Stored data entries
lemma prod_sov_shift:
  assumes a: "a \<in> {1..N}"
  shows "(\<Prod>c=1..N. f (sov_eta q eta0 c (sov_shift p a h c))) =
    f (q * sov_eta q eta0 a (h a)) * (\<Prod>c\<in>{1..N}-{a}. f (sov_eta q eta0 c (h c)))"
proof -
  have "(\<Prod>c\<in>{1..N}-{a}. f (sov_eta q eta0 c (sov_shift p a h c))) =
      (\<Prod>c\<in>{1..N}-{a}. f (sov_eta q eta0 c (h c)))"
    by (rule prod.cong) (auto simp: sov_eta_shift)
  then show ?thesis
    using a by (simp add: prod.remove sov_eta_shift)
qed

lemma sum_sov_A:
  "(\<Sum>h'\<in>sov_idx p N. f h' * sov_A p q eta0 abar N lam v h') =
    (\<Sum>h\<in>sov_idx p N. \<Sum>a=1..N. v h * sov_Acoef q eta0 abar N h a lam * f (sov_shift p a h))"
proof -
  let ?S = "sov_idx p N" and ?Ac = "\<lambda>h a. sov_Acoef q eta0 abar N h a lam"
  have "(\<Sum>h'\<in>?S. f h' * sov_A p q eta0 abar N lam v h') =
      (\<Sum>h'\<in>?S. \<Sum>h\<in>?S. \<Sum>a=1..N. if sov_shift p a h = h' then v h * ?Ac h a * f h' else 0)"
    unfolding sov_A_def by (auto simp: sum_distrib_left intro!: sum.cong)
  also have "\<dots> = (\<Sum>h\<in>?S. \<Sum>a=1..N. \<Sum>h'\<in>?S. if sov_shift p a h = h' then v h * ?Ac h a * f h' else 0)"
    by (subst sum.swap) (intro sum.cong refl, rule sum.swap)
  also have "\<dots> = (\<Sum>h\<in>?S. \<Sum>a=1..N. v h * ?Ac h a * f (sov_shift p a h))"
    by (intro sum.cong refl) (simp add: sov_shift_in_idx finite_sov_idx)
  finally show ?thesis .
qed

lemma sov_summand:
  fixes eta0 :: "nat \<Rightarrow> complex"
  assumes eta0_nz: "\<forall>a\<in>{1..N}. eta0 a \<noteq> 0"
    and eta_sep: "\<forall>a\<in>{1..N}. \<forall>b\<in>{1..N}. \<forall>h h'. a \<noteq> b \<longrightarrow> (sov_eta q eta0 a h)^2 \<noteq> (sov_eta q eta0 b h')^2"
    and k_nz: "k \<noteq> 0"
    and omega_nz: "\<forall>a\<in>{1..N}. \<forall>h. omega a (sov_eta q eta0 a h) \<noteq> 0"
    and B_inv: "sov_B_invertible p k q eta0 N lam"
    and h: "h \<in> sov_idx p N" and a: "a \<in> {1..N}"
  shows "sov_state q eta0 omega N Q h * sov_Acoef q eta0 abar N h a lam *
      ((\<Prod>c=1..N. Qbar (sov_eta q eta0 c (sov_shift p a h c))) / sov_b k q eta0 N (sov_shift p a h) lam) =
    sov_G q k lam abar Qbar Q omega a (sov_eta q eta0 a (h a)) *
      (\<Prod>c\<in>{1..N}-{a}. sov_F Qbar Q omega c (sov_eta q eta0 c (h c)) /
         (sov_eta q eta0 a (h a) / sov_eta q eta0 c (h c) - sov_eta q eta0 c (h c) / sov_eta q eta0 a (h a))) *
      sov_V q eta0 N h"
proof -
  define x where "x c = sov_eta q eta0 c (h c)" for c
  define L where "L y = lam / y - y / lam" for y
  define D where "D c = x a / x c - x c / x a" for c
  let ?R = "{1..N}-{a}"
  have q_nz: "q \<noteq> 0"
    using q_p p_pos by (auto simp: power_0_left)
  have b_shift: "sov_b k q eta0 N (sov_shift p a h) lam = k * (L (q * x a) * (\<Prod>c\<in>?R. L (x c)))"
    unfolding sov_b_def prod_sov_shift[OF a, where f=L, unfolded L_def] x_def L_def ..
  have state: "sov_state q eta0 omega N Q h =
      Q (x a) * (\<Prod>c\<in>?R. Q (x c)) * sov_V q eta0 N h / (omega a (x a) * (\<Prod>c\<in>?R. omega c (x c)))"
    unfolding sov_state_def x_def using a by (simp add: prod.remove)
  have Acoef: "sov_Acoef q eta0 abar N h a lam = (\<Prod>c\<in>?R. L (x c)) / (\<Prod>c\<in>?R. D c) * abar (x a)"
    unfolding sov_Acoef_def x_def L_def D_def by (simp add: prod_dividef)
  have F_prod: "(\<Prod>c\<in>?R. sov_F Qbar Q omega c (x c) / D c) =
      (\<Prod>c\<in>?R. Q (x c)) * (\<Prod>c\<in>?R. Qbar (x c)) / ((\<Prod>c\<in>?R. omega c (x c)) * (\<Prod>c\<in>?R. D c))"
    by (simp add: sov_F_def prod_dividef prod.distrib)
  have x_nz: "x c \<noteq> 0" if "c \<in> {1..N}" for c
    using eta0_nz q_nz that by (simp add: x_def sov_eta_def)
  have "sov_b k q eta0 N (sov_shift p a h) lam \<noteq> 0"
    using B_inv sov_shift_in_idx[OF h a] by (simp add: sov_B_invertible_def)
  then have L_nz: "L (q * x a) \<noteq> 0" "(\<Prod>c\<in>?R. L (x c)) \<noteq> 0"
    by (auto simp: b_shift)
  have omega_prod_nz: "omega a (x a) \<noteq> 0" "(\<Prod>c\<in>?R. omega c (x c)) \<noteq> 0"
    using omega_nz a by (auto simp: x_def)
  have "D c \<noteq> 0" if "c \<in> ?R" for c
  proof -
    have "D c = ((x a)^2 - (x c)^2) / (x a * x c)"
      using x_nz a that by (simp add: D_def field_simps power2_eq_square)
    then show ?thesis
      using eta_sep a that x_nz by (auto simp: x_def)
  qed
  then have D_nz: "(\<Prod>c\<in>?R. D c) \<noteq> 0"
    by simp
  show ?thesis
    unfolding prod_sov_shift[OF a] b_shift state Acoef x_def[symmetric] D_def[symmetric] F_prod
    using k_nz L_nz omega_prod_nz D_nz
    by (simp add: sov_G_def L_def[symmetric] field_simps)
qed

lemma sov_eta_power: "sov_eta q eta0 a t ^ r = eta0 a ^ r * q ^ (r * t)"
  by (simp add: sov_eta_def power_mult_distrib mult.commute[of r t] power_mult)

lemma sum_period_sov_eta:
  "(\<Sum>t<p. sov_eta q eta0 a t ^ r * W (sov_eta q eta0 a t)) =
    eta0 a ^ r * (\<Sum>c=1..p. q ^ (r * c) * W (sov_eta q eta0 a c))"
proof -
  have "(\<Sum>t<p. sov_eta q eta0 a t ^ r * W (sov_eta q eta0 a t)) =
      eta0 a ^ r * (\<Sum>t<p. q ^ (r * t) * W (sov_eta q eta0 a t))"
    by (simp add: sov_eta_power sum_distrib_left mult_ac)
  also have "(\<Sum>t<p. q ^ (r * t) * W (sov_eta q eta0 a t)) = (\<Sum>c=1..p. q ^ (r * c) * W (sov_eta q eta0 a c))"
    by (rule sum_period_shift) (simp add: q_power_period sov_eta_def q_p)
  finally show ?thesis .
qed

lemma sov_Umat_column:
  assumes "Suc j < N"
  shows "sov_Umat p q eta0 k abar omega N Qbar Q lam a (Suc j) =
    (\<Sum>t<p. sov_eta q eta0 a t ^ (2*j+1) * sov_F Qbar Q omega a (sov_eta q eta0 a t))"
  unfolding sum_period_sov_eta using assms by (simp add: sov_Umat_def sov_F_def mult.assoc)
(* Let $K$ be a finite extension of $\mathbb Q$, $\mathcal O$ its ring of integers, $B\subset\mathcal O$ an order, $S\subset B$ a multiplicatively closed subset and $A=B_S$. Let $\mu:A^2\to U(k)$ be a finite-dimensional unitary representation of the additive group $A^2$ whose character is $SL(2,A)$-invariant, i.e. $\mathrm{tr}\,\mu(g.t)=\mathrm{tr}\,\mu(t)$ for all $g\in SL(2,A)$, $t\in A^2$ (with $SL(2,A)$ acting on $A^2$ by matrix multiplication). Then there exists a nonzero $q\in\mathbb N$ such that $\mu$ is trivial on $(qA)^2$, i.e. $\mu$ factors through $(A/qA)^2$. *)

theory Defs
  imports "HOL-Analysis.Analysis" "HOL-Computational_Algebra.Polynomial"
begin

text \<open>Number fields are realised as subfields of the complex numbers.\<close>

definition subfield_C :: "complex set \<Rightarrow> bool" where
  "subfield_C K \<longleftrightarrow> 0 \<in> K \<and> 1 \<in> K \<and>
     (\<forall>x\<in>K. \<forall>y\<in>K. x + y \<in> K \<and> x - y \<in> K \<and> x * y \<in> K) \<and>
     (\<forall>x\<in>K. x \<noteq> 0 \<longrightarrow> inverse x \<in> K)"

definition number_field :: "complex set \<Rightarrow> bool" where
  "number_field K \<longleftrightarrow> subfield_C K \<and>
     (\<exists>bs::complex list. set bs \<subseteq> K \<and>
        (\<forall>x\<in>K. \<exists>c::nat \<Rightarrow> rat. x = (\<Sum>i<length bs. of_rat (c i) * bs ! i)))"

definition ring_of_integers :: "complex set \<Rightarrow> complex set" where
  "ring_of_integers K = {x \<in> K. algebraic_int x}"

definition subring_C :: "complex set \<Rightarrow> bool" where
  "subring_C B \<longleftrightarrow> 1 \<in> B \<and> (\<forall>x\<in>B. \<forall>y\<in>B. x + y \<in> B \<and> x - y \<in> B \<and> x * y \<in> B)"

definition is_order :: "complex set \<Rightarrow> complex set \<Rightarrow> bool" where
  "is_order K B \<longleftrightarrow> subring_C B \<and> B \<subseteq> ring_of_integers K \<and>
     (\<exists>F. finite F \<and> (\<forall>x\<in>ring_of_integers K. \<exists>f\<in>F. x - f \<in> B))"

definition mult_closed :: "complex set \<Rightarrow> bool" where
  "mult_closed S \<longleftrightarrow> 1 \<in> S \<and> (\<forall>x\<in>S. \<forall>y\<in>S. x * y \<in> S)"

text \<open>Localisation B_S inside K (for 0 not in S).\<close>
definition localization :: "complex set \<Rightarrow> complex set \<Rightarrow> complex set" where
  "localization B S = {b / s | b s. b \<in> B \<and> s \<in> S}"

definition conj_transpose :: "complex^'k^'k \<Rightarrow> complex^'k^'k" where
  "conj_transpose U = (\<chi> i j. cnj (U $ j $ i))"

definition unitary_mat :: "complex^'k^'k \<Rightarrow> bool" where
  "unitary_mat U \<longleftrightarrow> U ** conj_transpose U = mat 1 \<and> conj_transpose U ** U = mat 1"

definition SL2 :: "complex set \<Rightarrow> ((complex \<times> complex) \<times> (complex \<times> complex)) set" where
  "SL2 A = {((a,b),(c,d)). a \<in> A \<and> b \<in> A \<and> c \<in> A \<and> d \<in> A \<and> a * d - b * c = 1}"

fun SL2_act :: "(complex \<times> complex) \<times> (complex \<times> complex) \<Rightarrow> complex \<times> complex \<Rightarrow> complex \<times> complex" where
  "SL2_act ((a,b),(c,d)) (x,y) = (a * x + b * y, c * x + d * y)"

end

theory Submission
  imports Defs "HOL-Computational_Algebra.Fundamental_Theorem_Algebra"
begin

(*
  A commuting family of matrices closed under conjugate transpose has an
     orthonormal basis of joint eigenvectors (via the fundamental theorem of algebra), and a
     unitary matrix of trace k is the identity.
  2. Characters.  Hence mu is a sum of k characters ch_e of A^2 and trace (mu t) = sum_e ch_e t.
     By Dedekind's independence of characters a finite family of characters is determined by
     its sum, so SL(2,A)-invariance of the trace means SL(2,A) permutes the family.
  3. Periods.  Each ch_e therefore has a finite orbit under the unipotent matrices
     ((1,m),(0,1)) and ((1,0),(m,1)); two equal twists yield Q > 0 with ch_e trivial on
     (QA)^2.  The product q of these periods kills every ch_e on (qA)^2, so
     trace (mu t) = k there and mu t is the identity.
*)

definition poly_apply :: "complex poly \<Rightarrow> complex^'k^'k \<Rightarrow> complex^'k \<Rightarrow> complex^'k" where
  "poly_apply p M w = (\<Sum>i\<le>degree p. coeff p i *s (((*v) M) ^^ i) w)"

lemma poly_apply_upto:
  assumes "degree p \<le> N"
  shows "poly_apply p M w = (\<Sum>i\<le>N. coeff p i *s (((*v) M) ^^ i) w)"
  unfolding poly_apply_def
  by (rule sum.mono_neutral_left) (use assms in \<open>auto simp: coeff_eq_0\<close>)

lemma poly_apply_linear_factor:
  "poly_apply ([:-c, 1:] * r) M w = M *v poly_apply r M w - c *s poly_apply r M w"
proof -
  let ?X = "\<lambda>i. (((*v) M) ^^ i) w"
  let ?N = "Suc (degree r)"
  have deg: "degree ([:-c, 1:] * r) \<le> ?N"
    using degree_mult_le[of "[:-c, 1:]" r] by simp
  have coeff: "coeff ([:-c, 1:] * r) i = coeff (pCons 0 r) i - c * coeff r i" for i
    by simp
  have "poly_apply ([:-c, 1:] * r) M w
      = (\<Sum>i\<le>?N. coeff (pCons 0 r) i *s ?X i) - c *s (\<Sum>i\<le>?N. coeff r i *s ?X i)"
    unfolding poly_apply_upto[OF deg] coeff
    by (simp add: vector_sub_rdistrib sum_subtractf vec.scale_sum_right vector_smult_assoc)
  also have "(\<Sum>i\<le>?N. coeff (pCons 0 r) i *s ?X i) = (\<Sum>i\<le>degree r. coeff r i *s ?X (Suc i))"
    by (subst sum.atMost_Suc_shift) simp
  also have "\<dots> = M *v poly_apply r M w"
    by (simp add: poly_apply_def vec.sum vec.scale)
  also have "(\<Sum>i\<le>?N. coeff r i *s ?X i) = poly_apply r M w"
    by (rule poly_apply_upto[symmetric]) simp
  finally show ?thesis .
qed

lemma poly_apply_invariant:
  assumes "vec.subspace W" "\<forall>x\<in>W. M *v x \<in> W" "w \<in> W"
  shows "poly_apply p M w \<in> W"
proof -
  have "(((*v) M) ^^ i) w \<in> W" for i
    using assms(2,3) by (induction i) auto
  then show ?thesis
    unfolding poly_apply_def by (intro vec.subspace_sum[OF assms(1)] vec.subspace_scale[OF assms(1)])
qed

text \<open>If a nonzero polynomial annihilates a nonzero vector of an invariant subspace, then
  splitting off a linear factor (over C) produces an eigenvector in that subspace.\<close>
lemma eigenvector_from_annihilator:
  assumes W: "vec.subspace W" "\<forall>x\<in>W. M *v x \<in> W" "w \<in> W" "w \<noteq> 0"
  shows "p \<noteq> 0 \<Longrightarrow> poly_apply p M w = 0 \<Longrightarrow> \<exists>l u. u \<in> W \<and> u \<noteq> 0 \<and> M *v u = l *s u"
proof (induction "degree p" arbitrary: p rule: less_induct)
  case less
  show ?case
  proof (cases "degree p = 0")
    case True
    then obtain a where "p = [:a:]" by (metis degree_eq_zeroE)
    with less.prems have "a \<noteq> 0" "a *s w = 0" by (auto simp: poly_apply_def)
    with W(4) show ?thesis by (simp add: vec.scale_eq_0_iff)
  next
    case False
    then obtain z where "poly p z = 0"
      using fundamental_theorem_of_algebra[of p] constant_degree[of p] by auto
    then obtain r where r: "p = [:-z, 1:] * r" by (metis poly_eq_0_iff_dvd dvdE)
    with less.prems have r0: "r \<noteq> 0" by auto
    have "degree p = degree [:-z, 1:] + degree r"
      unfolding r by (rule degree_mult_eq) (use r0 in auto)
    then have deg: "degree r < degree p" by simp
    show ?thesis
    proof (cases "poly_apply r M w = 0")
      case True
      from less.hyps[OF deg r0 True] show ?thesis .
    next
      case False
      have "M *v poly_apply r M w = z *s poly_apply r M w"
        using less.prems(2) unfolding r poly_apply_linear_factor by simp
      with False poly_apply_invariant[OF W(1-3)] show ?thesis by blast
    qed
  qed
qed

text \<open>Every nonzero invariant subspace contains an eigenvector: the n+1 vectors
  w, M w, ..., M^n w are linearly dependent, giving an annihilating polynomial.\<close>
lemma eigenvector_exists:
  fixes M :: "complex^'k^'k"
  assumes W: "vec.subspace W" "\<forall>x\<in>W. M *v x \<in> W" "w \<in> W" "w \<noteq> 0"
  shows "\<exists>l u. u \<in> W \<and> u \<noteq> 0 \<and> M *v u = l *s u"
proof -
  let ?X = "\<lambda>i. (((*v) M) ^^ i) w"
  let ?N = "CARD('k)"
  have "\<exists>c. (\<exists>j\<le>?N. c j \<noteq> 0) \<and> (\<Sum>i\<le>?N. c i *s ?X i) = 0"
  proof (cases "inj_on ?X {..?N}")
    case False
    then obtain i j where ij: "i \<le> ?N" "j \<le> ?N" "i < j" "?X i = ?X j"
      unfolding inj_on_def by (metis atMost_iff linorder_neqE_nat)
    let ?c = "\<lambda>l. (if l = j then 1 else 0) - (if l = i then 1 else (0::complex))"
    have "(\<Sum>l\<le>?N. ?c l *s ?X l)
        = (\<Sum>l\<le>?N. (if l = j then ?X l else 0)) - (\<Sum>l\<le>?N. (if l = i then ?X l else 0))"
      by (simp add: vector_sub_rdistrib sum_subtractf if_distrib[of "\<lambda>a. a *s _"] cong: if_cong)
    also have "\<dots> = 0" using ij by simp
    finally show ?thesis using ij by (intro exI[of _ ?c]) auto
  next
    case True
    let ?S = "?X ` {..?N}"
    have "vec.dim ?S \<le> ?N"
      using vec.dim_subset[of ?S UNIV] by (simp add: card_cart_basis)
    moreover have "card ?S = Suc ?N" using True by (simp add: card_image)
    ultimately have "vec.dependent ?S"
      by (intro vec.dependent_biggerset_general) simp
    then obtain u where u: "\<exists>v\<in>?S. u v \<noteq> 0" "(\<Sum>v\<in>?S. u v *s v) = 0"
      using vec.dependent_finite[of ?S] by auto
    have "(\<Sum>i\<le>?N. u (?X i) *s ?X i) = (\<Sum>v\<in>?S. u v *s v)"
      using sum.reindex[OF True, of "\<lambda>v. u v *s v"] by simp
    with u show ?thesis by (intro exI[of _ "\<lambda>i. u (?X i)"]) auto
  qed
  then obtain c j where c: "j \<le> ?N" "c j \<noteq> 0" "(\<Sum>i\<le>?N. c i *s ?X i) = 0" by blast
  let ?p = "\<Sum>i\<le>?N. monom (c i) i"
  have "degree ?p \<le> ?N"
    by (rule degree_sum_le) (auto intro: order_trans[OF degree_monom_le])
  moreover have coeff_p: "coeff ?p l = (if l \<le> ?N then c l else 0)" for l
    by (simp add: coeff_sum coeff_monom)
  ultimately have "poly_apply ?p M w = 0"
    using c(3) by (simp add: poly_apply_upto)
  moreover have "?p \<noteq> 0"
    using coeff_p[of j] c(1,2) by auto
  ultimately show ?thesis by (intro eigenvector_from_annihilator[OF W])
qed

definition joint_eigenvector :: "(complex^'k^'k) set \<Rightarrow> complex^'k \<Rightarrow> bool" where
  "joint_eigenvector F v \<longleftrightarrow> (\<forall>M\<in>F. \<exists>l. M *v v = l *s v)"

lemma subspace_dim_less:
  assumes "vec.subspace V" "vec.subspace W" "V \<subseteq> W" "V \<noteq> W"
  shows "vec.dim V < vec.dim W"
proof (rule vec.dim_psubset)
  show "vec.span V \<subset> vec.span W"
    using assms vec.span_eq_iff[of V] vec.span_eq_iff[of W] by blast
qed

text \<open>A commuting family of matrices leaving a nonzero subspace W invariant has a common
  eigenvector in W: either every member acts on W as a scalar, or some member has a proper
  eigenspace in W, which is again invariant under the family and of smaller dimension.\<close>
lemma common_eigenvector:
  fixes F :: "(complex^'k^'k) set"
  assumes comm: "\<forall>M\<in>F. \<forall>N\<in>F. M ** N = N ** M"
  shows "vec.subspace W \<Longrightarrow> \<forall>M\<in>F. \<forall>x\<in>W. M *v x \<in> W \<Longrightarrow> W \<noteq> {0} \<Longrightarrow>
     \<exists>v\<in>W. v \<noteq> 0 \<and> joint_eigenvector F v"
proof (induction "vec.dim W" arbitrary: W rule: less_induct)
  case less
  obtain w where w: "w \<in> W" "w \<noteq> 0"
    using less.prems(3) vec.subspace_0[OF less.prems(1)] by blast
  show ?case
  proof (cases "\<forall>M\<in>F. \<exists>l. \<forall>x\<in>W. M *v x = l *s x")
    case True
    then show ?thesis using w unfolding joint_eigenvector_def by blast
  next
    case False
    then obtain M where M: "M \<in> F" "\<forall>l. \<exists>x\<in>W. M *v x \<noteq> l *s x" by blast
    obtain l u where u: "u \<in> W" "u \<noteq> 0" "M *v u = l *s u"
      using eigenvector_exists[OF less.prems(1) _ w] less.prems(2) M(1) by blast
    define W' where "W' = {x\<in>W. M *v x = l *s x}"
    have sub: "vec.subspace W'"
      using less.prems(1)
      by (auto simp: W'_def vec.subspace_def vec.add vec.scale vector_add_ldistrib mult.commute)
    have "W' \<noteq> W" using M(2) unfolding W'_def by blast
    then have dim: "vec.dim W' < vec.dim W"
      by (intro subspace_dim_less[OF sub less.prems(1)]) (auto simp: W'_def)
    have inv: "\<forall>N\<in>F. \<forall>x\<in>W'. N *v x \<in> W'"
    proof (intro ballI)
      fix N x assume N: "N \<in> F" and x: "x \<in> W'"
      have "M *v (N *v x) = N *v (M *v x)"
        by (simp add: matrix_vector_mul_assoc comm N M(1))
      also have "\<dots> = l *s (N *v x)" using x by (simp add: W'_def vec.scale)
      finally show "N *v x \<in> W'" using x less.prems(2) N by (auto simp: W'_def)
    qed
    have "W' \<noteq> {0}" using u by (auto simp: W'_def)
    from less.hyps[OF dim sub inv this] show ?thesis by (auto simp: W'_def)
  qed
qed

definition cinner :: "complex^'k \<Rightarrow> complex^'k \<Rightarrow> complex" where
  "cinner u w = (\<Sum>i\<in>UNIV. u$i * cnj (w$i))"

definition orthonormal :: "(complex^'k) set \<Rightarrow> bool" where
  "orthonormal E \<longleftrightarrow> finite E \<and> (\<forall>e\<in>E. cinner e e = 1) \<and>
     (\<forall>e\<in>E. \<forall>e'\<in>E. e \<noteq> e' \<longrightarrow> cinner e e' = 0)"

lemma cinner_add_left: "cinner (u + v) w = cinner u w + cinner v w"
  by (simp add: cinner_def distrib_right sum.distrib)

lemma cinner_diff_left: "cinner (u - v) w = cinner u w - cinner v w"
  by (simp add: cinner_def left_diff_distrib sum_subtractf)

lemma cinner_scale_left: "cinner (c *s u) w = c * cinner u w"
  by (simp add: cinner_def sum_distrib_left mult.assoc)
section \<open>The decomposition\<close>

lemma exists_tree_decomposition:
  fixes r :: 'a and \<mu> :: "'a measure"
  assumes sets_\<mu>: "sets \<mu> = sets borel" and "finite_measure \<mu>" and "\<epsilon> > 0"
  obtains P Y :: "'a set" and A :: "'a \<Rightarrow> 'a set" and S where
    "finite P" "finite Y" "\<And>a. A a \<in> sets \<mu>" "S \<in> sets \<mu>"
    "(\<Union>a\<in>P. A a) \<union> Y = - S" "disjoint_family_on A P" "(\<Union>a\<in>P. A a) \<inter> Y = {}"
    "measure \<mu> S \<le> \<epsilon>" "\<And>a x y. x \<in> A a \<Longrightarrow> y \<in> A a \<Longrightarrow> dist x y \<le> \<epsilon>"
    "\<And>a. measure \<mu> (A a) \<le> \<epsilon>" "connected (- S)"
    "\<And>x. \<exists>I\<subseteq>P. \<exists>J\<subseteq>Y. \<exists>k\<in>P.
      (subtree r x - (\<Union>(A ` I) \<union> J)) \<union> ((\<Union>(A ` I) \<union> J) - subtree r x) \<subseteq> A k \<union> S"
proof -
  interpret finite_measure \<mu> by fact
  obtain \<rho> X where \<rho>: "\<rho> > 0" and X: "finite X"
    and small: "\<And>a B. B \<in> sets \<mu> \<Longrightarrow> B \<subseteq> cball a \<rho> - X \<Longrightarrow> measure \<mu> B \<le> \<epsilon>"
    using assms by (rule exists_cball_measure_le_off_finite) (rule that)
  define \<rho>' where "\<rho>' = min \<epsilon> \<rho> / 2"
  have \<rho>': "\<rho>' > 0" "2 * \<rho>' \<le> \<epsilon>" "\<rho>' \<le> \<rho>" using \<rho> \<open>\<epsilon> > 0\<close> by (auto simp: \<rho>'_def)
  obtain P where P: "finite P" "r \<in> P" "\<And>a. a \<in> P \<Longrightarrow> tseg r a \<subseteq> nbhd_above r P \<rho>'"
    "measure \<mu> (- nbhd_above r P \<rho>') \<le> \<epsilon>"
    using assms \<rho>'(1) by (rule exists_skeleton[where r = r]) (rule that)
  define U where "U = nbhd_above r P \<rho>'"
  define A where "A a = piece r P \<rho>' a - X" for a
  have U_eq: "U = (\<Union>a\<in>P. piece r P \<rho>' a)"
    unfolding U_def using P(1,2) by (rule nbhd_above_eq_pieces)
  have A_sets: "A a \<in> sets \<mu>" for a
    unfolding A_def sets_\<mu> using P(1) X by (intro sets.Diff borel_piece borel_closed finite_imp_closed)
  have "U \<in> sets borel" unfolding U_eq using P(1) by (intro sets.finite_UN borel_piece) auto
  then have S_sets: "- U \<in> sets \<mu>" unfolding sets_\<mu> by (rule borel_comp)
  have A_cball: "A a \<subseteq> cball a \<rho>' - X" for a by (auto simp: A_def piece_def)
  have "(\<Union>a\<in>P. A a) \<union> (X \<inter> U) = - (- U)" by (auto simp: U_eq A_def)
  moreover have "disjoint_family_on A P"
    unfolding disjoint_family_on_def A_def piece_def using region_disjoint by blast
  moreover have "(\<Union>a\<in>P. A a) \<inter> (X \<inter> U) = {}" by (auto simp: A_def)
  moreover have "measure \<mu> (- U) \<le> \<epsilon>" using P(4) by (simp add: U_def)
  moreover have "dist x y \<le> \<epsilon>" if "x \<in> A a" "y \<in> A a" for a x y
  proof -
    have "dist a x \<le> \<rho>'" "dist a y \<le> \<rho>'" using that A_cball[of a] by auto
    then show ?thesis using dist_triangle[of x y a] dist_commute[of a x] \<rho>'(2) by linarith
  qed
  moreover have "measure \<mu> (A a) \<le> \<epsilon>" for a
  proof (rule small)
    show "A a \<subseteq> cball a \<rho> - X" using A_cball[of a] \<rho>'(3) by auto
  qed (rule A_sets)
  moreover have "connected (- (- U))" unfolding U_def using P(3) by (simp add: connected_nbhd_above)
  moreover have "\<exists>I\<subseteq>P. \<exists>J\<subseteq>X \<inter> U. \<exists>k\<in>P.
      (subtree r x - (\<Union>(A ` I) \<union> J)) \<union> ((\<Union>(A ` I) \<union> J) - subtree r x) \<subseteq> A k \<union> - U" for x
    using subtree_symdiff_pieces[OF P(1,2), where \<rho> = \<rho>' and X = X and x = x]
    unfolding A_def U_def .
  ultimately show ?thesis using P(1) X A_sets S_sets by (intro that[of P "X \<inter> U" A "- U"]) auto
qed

WHAT THE EXERCISE ASKS
In the records above, some lines hold the word "refl"; copy each such line.

RESPONSE
    by (subst sum.swap) (intro sum.cong refl, rule sum.swap)
    by (intro sum.cong refl) (simp add: sov_shift_in_idx finite_sov_idx)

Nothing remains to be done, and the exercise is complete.